"Is that what they're talking about?"
That is the phrase, uttered in the back of my mind, that made me realize just how hopeless things are. I woke up on Friday to several people on my facebook feed horrified over "this morning's news". Bracing myself, I googled "news", and scrolled through. After finding no "ISIS strikes again" or the word "bombing", I scrolled back to the top, to the article about the Dallas shooting. "12 Officers Shot at Dallas Protest Against Police Shootings". That was the headline. And my next thought was "Is that what they're talking about?"
It makes me feel physically sick to realize that five people are dead, and nine others injured, and it didn't seem bad enough for me to immediately understand what a tragedy that is. I am not hopeless because bad things happen in this world. I am hopeless because of my reaction to them.
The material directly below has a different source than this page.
(* Assume Assumption 1. Assume there is a constant $L>0$ such that for every $T^Y_0\in\mathbb{T}^Y_0$ and all $(x_1,y_1),(x_2,y_2)\in\mathcal{X}_T\times\mathcal{Y}_S$, $$\|T^Y_0(x_1,y_1)-T^Y_0(x_2,y_2)\|_{\mathcal{Y}_T}\le L\big(\|x_1-x_2\|_{\mathcal{X}_T}+\|y_1-y_2\|_{\mathcal{Y}_S}\big).$$ Assume also there are $L'>0$ and $p\ge1$ such that the output transport risk satisfies $$|\mathcal{E}^O(h_1)-\mathcal{E}^O(h_2)|\le L'\,\mathcal{W}_p\big(h_1\#Law(X_T),h_2\#Law(X_T)\big)^p$$ for all intermediate models $h_1,h_2$ (arising from any pretrained models in $A_S$). Then for every fixed $\mu\in\mathcal{P}(\mathcal{X}_S)$, the map $f\mapsto\mathcal{C}(\mu,f)$ is continuous on $(A_S,d_M)$.
   Context: Transfer learning framework. A source task $S$ consists of an input space $\mathcal{X}_S$ and output space $\mathcal{Y}_S$ (finite-dimensional normed spaces), a random pair $(X_S,Y_S)$, a set $A_S$ of admissible models $f:\mathcal{X}_S\to\mathcal{Y}_S$ and a pretrained model $f_S^*\in A_S$. A target task $T$ has analogous $\mathcal{X}_T,\mathcal{Y}_T,(X_T,Y_T),A_T$ and optimal target model $f_T^*$. Fixed sets $\mathbb{T}^X_0$ of maps $\mathcal{X}_T\to\mathcal{X}_S$ and $\mathbb{T}^Y_0$ of maps $\mathcal{X}_T\times\mathcal{Y}_S\to\mathcal{Y}_T$ are given. For $(T^X_0,T^Y_0)$ the intermediate model is $f_{ST}(x)=T^Y_0(x,f_S^*(T^X_0(x)))$; $\mathbb{P}_T=Law(f_T^*(X_T))$, $\mathbb{P}_{ST}=Law(f_{ST}(X_T))$. An output transport risk is $\mathcal{E}^O:A_T\to\mathbb{R}$ with $\mathcal{E}^O\ge0$ and $\mathcal{E}^O(f_{ST})=0$ iff $\mathbb{P}_{ST}=\mathbb{P}_T$. An input transport risk $\mathcal{E}^I$ satisfies $\mathcal{E}^I(T^X_0)\ge0$, with equality iff $T^X_0\#Law(X_T)=Law(X_S)$. The model-specific transfer risk is $\mathcal{C}(S,T\mid f_{ST})=C(\mathcal{E}^O(f_{ST}),\mathcal{E}^I(T^X_0))$, with $C:\mathbb{R}^2\to\mathbb{R}$, $C(0,0)=0$, $C\ge0$ on relevant values, non-decreasing in each argument, and $|C(a,b)-C(a',b')|\le L_C(|a-a'|+|b-b'|)$ for some $L_C>0$. The transfer risk is $\mathcal{C}(S,T)=\inf_{(T^X_0,T^Y_0)\in\mathbb{T}^X_0\times\mathbb{T}^Y_0}\mathcal{C}(S,T\mid f_{ST})$. With target and transport sets fixed, a source task is $S=(\mu,f)\in\mathcal{P}(\mathcal{X}_S)\times A_S$ ($\mu=Law(X_S)$, $f=f_S^*$) and $\mathcal{C}(\mu,f):=\mathcal{C}(S,T)$. Assumption 1: $D$ is a metric on $\mathcal{P}(\mathcal{X}_S)$ and $\mathcal{E}^I(T^X_0)=D(T^X_0\#Law(X_T),\mu)$. For a fixed constant $M>0$, $d_M(f_1,f_2):=\min\{M,\sup_{x\in\mathcal{X}_S}\|f_1(x)-f_2(x)\|_{\mathcal{Y}_S}\}$ on $A_S$. $\mathcal{W}_p$ is the $p$-Wasserstein distance on probability measures on $\mathcal{Y}_T$ with finite $p$-th moment: $\mathcal{W}_p(\nu_1,\nu_2)^p=\inf_{\gamma\in\Pi(\nu_1,\nu_2)}\int\|x-y\|^p_{\mathcal{Y}_T}\,d\gamma(x,y)$. *)

theory Defs
  imports "HOL-Analysis.Analysis" "HOL-Probability.Probability"
begin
I'm one of the most sensitive people you'll ever meet. I do my best not to avoid the news, but I rarely watch anything violent because it upsets me too much. But somehow, even I am becoming desensitized. Some people might call this toughening up, but I do not want to toughen up. Every single time people die, I want my heart to break into a million pieces. But it doesn't anymore. Now I sit and wonder if five lives are enough to make people upset, if I should be upset too.
Lately I just don't know what to do. It feels like every single day I wake up, and something terrible has happened. And it's starting to feel like there's no coming back from this. I have a sense of a great unraveling, like all the progress we've made in this country and in the world is being undone. Maybe there never was much progress, maybe now, in the world of social media, things are just more visible than they used to be. But there's a feeling in my gut that says it's more than that. Perhaps hate and prejudice has always been there, but when did it start winning?
Violence and hatred have gained terrifying power. It's getting harder and harder to believe that any amount of good could ever overcome our problems. Even the idea of good is so opinionated and volatile, I'm not sure what to think anymore. What is right? What is loving? What is realistic? What will actually solve anything?
St. Jude, you are the patron saint of hopeless causes, of those in despair, and I think we need you right now. Break our hearts, break them into a million pieces. Help us understand each other. love each other, listen to each other, and realize that we're all intricately and inextricably connected. Replace our despair with hope.